The Court remanded the case back to Montana state court, opining that an approval process with EPA “could ameliorate any conflict between the landowners’ restoration plan and EPA’s Superfund cleanup, just as Congress envisioned.” Accordingly, the ruling affirms EPA’s decision-making authority in federally led cleanup actions under CERCLA.

Significance of the Case and Unanswered Questions

Numerous observers have stated that the decision likely opens up an entirely new category of state law actions challenging EPA-approved clean-ups, and have predicted a new wave of litigation by property owners, as well as environmental groups. There are at least two reasons why we believe such predictions are overstated. First, the Atlantic Richfield decision centers on an unusual legal remedy permitted under Montana law – that if a landowner’s property has been the subject of a CERCLA cleanup, the landowner is not limited to recovery of diminution in property value for residual contamination, but instead may seek the added costs of cleaning up the property to pre-contamination conditions (i.e., background levels). We are not aware of other state laws that authorize such restoration damages, although there may be such remedies available under tribal law. Many states do not go beyond diminution of property value for landowners. Thus, such restoration claims at Superfund sites likely will be few and far between.

Second, even if such claims are viable under other state or tribal laws, plaintiffs, as PRPs, must overcome a second hurdle of convincing EPA to approve the remedy. That hurdle is a formidable one. EPA has a very detailed process under the National Contingency Plan (NCP) for selecting remedial actions for sites, which provides for a significant degree of input from citizens and interested parties. If EPA disagreed with a commenter’s suggestion to make a remedy more stringent during the remedy selection process, the Agency seems unlikely to thereafter change its mind when presented with the same proposal after the fact.

That said, there are unanswered questions that may give rise to additional litigation. What standard should EPA apply in evaluating and approving a restoration plan? Does EPA need to follow the NCP when making this evaluation? Also, the case concerned cleanup of an NPL site. The Court states that the requirement for EPA approval of additional cleanup is limited to NPL sites. Would a PRP landowner have an easier pathway to recovery of restoration costs for a non-NPL site?

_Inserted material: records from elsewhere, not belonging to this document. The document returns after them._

lemma is_gauge_comp1_Pmat:
  assumes s: "s permutes {1..n}" and t: "t permutes {1..n}"
    and g': "is_gauge n (Pmat n s) g'" and g: "is_gauge n (Pmat n t) g" and adm: "admissible_P n Pm"
  shows "is_gauge n (Pmat n (s \<circ> t)) (snd (comp1 n Pm (Pmat n s, g') (Pmat n t, g)))"
  unfolding is_gauge_def
proof (intro conjI ballI allI impI)
  fix k a assume k: "k \<in> {1..n}" and a: "natvec n a"
  have z: "pinv s k \<in> {1..n}" using k permutes_in_image[OF permutes_inv[OF s]] by simp
  have dim: "mvec n (Pmat n (s \<circ> t)) a k = a (pinv t (pinv s k))"
    using k by (simp add: mvec_Pmat permutes_compose[OF t s] pinv_comp[OF s t])
  have "mvec n (Pmat n s) (mvec n (Pmat n t) a) k = a (pinv t (pinv s k))"
       "mvec n (Pmat n t) a (pinv s k) = a (pinv t (pinv s k))"
    using k z by (simp_all add: mvec_Pmat s t)
  then have "g' k (mvec n (Pmat n t) a) \<in> carrier_mat (a (pinv t (pinv s k))) (a (pinv t (pinv s k)))"
      "invertible_mat (g' k (mvec n (Pmat n t) a))"
      "g (pinv s k) a \<in> carrier_mat (a (pinv t (pinv s k))) (a (pinv t (pinv s k)))"
      "invertible_mat (g (pinv s k) a)"
    using is_gauge_carrier[OF g' k natvec_mvec[of n "Pmat n t" a]] is_gauge_carrier[OF g z a] by auto
  then show "snd (comp1 n Pm (Pmat n s, g') (Pmat n t, g)) k a
      \<in> carrier_mat (mvec n (Pmat n (s \<circ> t)) a k) (mvec n (Pmat n (s \<circ> t)) a k)"
      "invertible_mat (snd (comp1 n Pm (Pmat n s, g') (Pmat n t, g)) k a)"
    using snd_comp1_Pmat[OF s t g' g adm k a] dim by (simp_all add: invertible_mat_mult)
next
  fix k j assume k: "k \<in> {1..n}" and j: "j \<in> {1..n}"
  have tj: "t j \<in> {1..n}" and z: "pinv s k \<in> {1..n}"
    using j k by (simp_all add: permutes_in_image t permutes_inv[OF s])
  have "Pmat n s k (t j) = Pmat n (s \<circ> t) k j" "Pmat n t (pinv s k) j = Pmat n (s \<circ> t) k j"
    using k j tj z permutes_inv_eq[OF s, of k "t j"] by (auto simp: Pmat_def)
  then show "snd (comp1 n Pm (Pmat n s, g') (Pmat n t, g)) k (evec j) = 1\<^sub>m (Pmat n (s \<circ> t) k j)"
    using snd_comp1_Pmat[OF s t g' g adm k natvec_evec[OF j]] is_gauge_evec[OF g' k tj]
      is_gauge_evec[OF g z j] mvec_Pmat_evec[OF t j] by simp
qed (auto simp: snd_comp1_out)

lemma comp1_onemor:
  assumes s: "s permutes {1..n}" and t: "t permutes {1..n}" and adm: "admissible_P n Pm"
    and A': "is_onemor n A'" "fst A' = Pmat n s" and A: "is_onemor n A" "fst A = Pmat n t"
  shows "is_onemor n (comp1 n Pm A' A)" "fst (comp1 n Pm A' A) = Pmat n (s \<circ> t)"
proof -
  show fst: "fst (comp1 n Pm A' A) = Pmat n (s \<circ> t)"
    using A' A by (simp add: mmul_Pmat s t)
  obtain g' g where A'_eq: "A' = (Pmat n s, g')" and A_eq: "A = (Pmat n t, g)"
    using A'(2) A(2) by (cases A', cases A) auto
  moreover have "is_gauge n (Pmat n s) g'" "is_gauge n (Pmat n t) g"
    using A'(1) A(1) unfolding A'_eq A_eq is_onemor_def by simp_all
  ultimately have "is_gauge n (Pmat n (s \<circ> t)) (snd (comp1 n Pm A' A))"
    using is_gauge_comp1_Pmat[OF s t _ _ adm] by simp
  then show "is_onemor n (comp1 n Pm A' A)"
    unfolding is_onemor_def using fst natmat_Pmat by simp
qed

section \<open>Scalar 2-cells between permutation matrices\<close>

text \<open>A 2-cell between 1-morphisms with underlying matrix P(s) has a 1x1 block at each
  position (s j, j) and empty blocks elsewhere; \<open>perm_cell n s c\<close> puts the scalar \<open>c i\<close>
  in row i, and \<open>perm_cell_coeffs\<close> reads the scalars back (extended by 1 off {1..n}).\<close>
definition perm_cell :: "nat \<Rightarrow> (nat \<Rightarrow> nat) \<Rightarrow> (nat \<Rightarrow> complex) \<Rightarrow> twocell" where
  "perm_cell n s c = (\<lambda>i j. if i \<in> {1..n} \<and> j \<in> {1..n} \<and> i = s j then mat 1 1 (\<lambda>_. c i) else 1\<^sub>m 0)"

definition perm_cell_coeffs :: "nat \<Rightarrow> (nat \<Rightarrow> nat) \<Rightarrow> twocell \<Rightarrow> nat \<Rightarrow> complex" where
  "perm_cell_coeffs n s T = (\<lambda>i. if i \<in> {1..n} then T i (pinv s i) $$ (0, 0) else 1)"

lemma cstar_vecs_nonzero: "c \<in> cstar_vecs n \<Longrightarrow> i \<in> {1..n} \<Longrightarrow> c i \<noteq> 0"
  unfolding cstar_vecs_def by auto

lemma cstar_vecs_eqI:
  assumes "c \<in> cstar_vecs n" "d \<in> cstar_vecs n" "\<And>i. i \<in> {1..n} \<Longrightarrow> c i = d i"
  shows "c = d"
proof
  fix i
  show "c i = d i"
    using assms unfolding cstar_vecs_def by (cases "i \<in> {1..n}") auto
qed

lemma cstar_vecs_mult: "c \<in> cstar_vecs n \<Longrightarrow> d \<in> cstar_vecs n \<Longrightarrow> (\<lambda>i. c i * d i) \<in> cstar_vecs n"
  unfolding cstar_vecs_def by auto

lemma cstar_vecs_inverse: "c \<in> cstar_vecs n \<Longrightarrow> (\<lambda>i. 1 / c i) \<in> cstar_vecs n"
  unfolding cstar_vecs_def by auto

lemma perm_vec_cstar_vecs: "s permutes {1..n} \<Longrightarrow> c \<in> cstar_vecs n \<Longrightarrow> perm_vec s c \<in> cstar_vecs n"
  unfolding perm_vec_def cstar_vecs_def using permutes_in_image[OF permutes_inv, of s "{1..n}"] by auto

lemma E1_eq_perm_cell: "E1 n (s, l) = (E0 n s, perm_cell n s l, E0 n s)"
  unfolding E1_def perm_cell_def Pmat_def by (auto simp: fun_eq_iff Let_def)

lemma id2_Pmat: "id2 n (Pmat n s) = perm_cell n s (\<lambda>_. 1)"
  unfolding id2_def perm_cell_def Pmat_def by (auto simp: fun_eq_iff one_mat_1_eq)

lemma vcomp2_perm_cell: "vcomp2 (perm_cell n s a) (perm_cell n s b) = perm_cell n s (\<lambda>i. a i * b i)"
  unfolding vcomp2_def perm_cell_def by (auto simp: fun_eq_iff mat_1_1_mult)

lemma perm_cell_cong: "(\<And>i. i \<in> {1..n} \<Longrightarrow> a i = b i) \<Longrightarrow> perm_cell n s a = perm_cell n s b"
  unfolding perm_cell_def by (auto simp: fun_eq_iff)

lemma perm_cell_eq_iff:
  assumes s: "s permutes {1..n}"
  shows "perm_cell n s a = perm_cell n s b \<longleftrightarrow> (\<forall>i \<in> {1..n}. a i = b i)"
proof
  assume eq: "perm_cell n s a = perm_cell n s b"
  show "\<forall>i \<in> {1..n}. a i = b i"
  proof
    fix i assume i: "i \<in> {1..n}"
    have "perm_cell n s a i (pinv s i) = perm_cell n s b i (pinv s i)"
      using eq by simp
    then have "mat 1 1 (\<lambda>_. a i) = mat 1 1 (\<lambda>_. b i)"
      using i permutes_in_image[OF permutes_inv[OF s]]
      by (simp add: perm_cell_def permutes_inverses[OF s])
    then show "a i = b i" by (simp add: mat_1_1_eq_iff)
  qed
qed (auto intro: perm_cell_cong)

Also unanswered are a host of questions that relate to parties considering whether to voluntarily perform remedial action pursuant to an administrative order on consent (AOC) or consent decree (CD) settlement with EPA. Such settlements typically provide contribution protection, but those provisions may not insulate the settlor from restoration claims as they would not be “matters addressed by” the settlement. Thus, PRPs may wish to consider seeking to expand the “matters addressed by” language in EPA’s model settlement documents to encompass site restoration. Indeed, depending on the specific facts of a site subject to EPA cleanup, EPA and private parties should each scrutinize model AOC and CD language to ensure the questions and uncertainties of potential future state law claims by site neighbors and downstream property owners are addressed and eliminated (or at least minimized), so that this recent Supreme Court decision does not disrupt CERCLA’s framework of settlement, certainty, and repose.